I sprinted back to my car and peeled out of the driveway, hoping she’d been caught at a light and I could still find her. I wove in between cars hoping to catch up with her, hoping that I was observant enough and correct when I thought her car was black. I stopped at a red light and my open fist slammed into my steering wheel. “Ahhhh!” My frustration was no match for the wheel firmly attached to the dash and the palm of my hand stung from the impact. But that was ok. I welcomed that. I didn’t see any black cars around, but I did see one soccer mom staring at me from the lane over. That’s ok. Let her witness my breakdown. How could this have happened? Why didn’t Phil call to tell me the meeting had been rescheduled? I ran a hand through my hair and gave it a slight tug, wishing I had stayed home for the entire day instead of trying to dodge her. That was a lie. I wouldn’t take back seeing her again for anything. I just wished she hadn’t seen me. To see her, up close, to see the color of her eyes, the way her long hair fell around her shoulders; it was a sight I would likely take with me to the grave and cherish just as long. This had to be the longest red light in the history of traffic. The light finally changed and I continued to pass slow-moving cars to try and find the one that might hold her.

An hour later and I still hadn’t found her.

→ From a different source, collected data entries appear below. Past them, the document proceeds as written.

text \<open>Along the mean gradient \<open>h\<close> the directional derivatives at the samples average to
  \<open>\<parallel>h\<parallel>\<^sup>2\<close>, so by Cauchy-Schwarz \<open>H h \<bullet> h \<ge> \<parallel>h\<parallel>\<^sup>4\<close>.\<close>
lemma norm_mean_net_grad_le_lambda_max:
  fixes \<theta> :: "('d::finite, 'k::finite) params"
  assumes "n > 0"
    and min: "\<forall>\<theta>' :: ('d, 'k) params. loss n x y \<theta> \<le> loss n x y \<theta>'"
    and hess: "twice_diff_hessian (loss n x y) \<theta> H"
    and interp: "\<forall>j<n. net \<theta> (x j) = y j"
  shows "(norm (mean_net_grad n x \<theta>))\<^sup>2 \<le> lambda_max H"
proof -
  define h where "h = mean_net_grad n x \<theta>"
  define D where "D j = net_dir_deriv \<theta> h (x j)" for j
  obtain W B1 W2 b2 where \<theta>: "\<theta> = (W, B1, W2, b2)"
    by (cases \<theta>) auto
  have "D j = net_grad \<theta> (x j) \<bullet> h" if "j < n" for j
    unfolding D_def using sample_off_kink[OF min hess interp \<theta> _ that]
    by (intro net_dir_deriv_eq_inner_net_grad[OF \<theta>]) auto
  then have "(\<Sum>j<n. D j) = (\<Sum>j<n. net_grad \<theta> (x j)) \<bullet> h"
    by (simp add: inner_sum_left)
  also have "\<dots> = real n * (norm h)\<^sup>2"
    using \<open>n > 0\<close> by (simp add: h_def mean_net_grad_def dot_square_norm power_divide power2_eq_square)
  finally have "(real n * (norm h)\<^sup>2)\<^sup>2 \<le> (\<Sum>j<n. (D j)\<^sup>2) * real n"
    using sum_squared_le_sum_of_squares[of D "{..<n}"] by simp
  then have "real n * ((norm h)\<^sup>2)\<^sup>2 \<le> (\<Sum>j<n. (D j)\<^sup>2)"
    using \<open>n > 0\<close> by (simp add: power2_eq_square algebra_simps)
  also have "\<dots> = real n * (H h \<bullet> h)"
    using hessian_loss_at_interpolating_minimum[OF min hess interp, of h] \<open>n > 0\<close>
    by (simp add: D_def)
  finally have "((norm h)\<^sup>2)\<^sup>2 \<le> H h \<bullet> h"
    using \<open>n > 0\<close> by simp
  also have "\<dots> \<le> lambda_max H * (norm h)\<^sup>2"
    using hess by (rule hessian_quadratic_form_le_lambda_max)
  finally have "(norm h)\<^sup>2 * (norm h)\<^sup>2 \<le> lambda_max H * (norm h)\<^sup>2"
    by (simp add: power2_eq_square)
  moreover have "snd (snd (snd h)) = 1"
    using \<open>n > 0\<close> by (simp add: h_def mean_net_grad_def snd_sum net_grad_def \<theta>)
  then have "(norm h)\<^sup>2 > 0"
    by auto
  ultimately show ?thesis
    unfolding h_def[symmetric] using mult_le_cancel_right_pos by blast
qed

section \<open>Single neurons and the weight g\<close>

lemma g_tilde_nonneg: "g_tilde n x v b \<ge> 0"
proof -
  have "(\<Sum>j\<in>active n x v b. x j \<bullet> v - b) \<ge> 0"
    by (rule sum_nonneg) (auto simp: active_def)
  then show ?thesis
    unfolding g_tilde_def Let_def by auto
qed

lemma g_fun_nonneg: "g_fun n x v b \<ge> 0"
  unfolding g_fun_def by (simp add: g_tilde_nonneg)

lemma g_fun_uminus: "g_fun n x (- v) (- b) = g_fun n x v b"
  unfolding g_fun_def by (simp add: min.commute)

text \<open>Averages over the samples of the gradient of a single neuron \<open>c relu (z \<bullet> w + \<beta>)\<close> with
  respect to its output weight \<open>c\<close> and to its input parameters \<open>(w, \<beta>)\<close>.\<close>
definition neuron_out_grad :: "nat \<Rightarrow> (nat \<Rightarrow> real^'d) \<Rightarrow> real^'d \<Rightarrow> real \<Rightarrow> real" where
  "neuron_out_grad n x w \<beta> = 1 / real n * (\<Sum>j<n. relu (x j \<bullet> w + \<beta>))"

definition neuron_in_grad :: "nat \<Rightarrow> (nat \<Rightarrow> real^'d) \<Rightarrow> real^'d \<Rightarrow> real \<Rightarrow> real \<Rightarrow> (real^'d) \<times> real" where
  "neuron_in_grad n x w \<beta> c = (let J = {j. j < n \<and> x j \<bullet> w + \<beta> > 0} in
     ((c / real n) *\<^sub>R (\<Sum>j\<in>J. x j), c * real (card J) / real n))"

lemma active_sgn:
  assumes "w \<noteq> 0"
  shows "active n x (sgn w) (- \<beta> / norm w) = {j. j < n \<and> x j \<bullet> w + \<beta> > 0}"
proof -
  have "x j \<bullet> sgn w > - \<beta> / norm w \<longleftrightarrow> (x j \<bullet> w + \<beta>) / norm w > 0" for j
    using assms by (auto simp: sgn_div_norm field_simps)
  then show ?thesis
    unfolding active_def using assms by (auto simp: zero_less_divide_iff)
qed

lemma neuron_mean_grads_eq_g_tilde:
  fixes w :: "real^'d::finite"
  assumes "w \<noteq> 0"
  shows "neuron_out_grad n x w \<beta> * norm (neuron_in_grad n x w \<beta> c)
         = \<bar>c * norm w\<bar> * g_tilde n x (sgn w) (- \<beta> / norm w)"
proof -
  define J where "J = {j. j < n \<and> x j \<bullet> w + \<beta> > 0}"
  define T where "T = (\<Sum>j\<in>J. x j \<bullet> w + \<beta>)"
  define S where "S = (\<Sum>j\<in>J. x j)"
  define N where "N = real (card J)"
  define R where "R = sqrt ((norm S)\<^sup>2 + N\<^sup>2)"
  have "norm w > 0"
    using assms by simp
  have active: "active n x (sgn w) (- \<beta> / norm w) = J"
    unfolding J_def using active_sgn[OF assms] .
  have "(\<Sum>j<n. relu (x j \<bullet> w + \<beta>)) = (\<Sum>j<n. if x j \<bullet> w + \<beta> > 0 then x j \<bullet> w + \<beta> else 0)"
    by (intro sum.cong) (auto simp: relu_def)
  then have out: "neuron_out_grad n x w \<beta> = T / real n"
    unfolding neuron_out_grad_def T_def J_def
    by (simp add: sum.inter_filter[symmetric] lessThan_def conj_commute)
  have "(norm ((c / real n) *\<^sub>R S))\<^sup>2 + (norm (c * N / real n))\<^sup>2 = (c / real n)\<^sup>2 * ((norm S)\<^sup>2 + N\<^sup>2)"
    by (simp add: power_mult_distrib power_divide add_divide_distrib algebra_simps)
  then have inp: "norm (neuron_in_grad n x w \<beta> c) = \<bar>c\<bar> / real n * R"
    unfolding neuron_in_grad_def Let_def J_def[symmetric] S_def[symmetric] N_def[symmetric] norm_Pair R_def
    by (simp add: real_sqrt_mult)
  show ?thesis
  proof (cases "J = {}")
    case True
    then show ?thesis
      using active by (simp add: out T_def g_tilde_def)
  next
    case False
    then have "N > 0"
      unfolding N_def J_def by (simp add: card_gt_0_iff)
    have "(\<Sum>j\<in>J. x j \<bullet> sgn w - - \<beta> / norm w) = T / norm w"
      using \<open>norm w > 0\<close> unfolding T_def by (simp add: sum_divide_distrib sgn_div_norm field_simps)
    moreover have "(norm ((1 / N) *\<^sub>R S))\<^sup>2 + 1 = ((norm S)\<^sup>2 + N\<^sup>2) / N\<^sup>2"
      using \<open>N > 0\<close> by (simp add: power_divide field_simps)
    then have "sqrt ((norm ((1 / N) *\<^sub>R S))\<^sup>2 + 1) = R / N"
      using \<open>N > 0\<close> unfolding R_def by (simp add: real_sqrt_divide)
    ultimately have "g_tilde n x (sgn w) (- \<beta> / norm w) = T * R / ((real n)\<^sup>2 * norm w)"
      using False \<open>N > 0\<close> unfolding g_tilde_def Let_def active
      by (simp add: S_def N_def[symmetric] power2_eq_square field_simps)
    then show ?thesis
      using \<open>norm w > 0\<close> unfolding out inp by (simp add: abs_mult power2_eq_square field_simps)
  qed
qed

lemma neuron_mean_grads_bound:
  fixes w :: "real^'d::finite"
  shows "2 * (if w \<noteq> 0 then \<bar>c * norm w\<bar> * g_fun n x (sgn w) (- \<beta> / norm w) else 0)
         \<le> (neuron_out_grad n x w \<beta>)\<^sup>2 + (norm (neuron_in_grad n x w \<beta> c))\<^sup>2"
proof -
  let ?out = "neuron_out_grad n x w \<beta>" and ?inp = "norm (neuron_in_grad n x w \<beta> c)"
  have "?out \<ge> 0"
    unfolding neuron_out_grad_def by (simp add: sum_nonneg relu_nonneg)
  have "\<bar>c * norm w\<bar> * g_fun n x (sgn w) (- \<beta> / norm w) \<le> ?out * ?inp" if "w \<noteq> 0"
  proof -
    have "g_fun n x (sgn w) (- \<beta> / norm w) \<le> g_tilde n x (sgn w) (- \<beta> / norm w)"
      by (simp add: g_fun_def)
    then have "\<bar>c * norm w\<bar> * g_fun n x (sgn w) (- \<beta> / norm w)
        \<le> \<bar>c * norm w\<bar> * g_tilde n x (sgn w) (- \<beta> / norm w)"
      by (rule mult_left_mono) simp
    also have "\<dots> = ?out * ?inp"
      using neuron_mean_grads_eq_g_tilde[OF that] by simp
    finally show ?thesis .
  qed
  moreover have "2 * (?out * ?inp) \<le> ?out\<^sup>2 + ?inp\<^sup>2"
    using sum_squares_bound[of ?out ?inp] by (simp add: power2_eq_square)
  ultimately show ?thesis
    using \<open>?out \<ge> 0\<close> by (auto intro: mult_nonneg_nonneg)
qed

I thought about stopping at every hotel and motel in town, but the only thing that stopped me was the knowledge she didn’t want to be found. She didn’t want to see me. She wanted to run from me, to hide from me. Didn’t I owe her at least that? To be left alone? The idea of letting her go again, of letting her live more of her life without telling her everything I’d kept bottled up inside, well, it would surely eat me alive. But if there was one thing I was convinced I didn’t deserve, it was her or anything she had to give me, including forgiveness. I pointed my car back towards the office and began to feel the gnawing of regret eating away at me.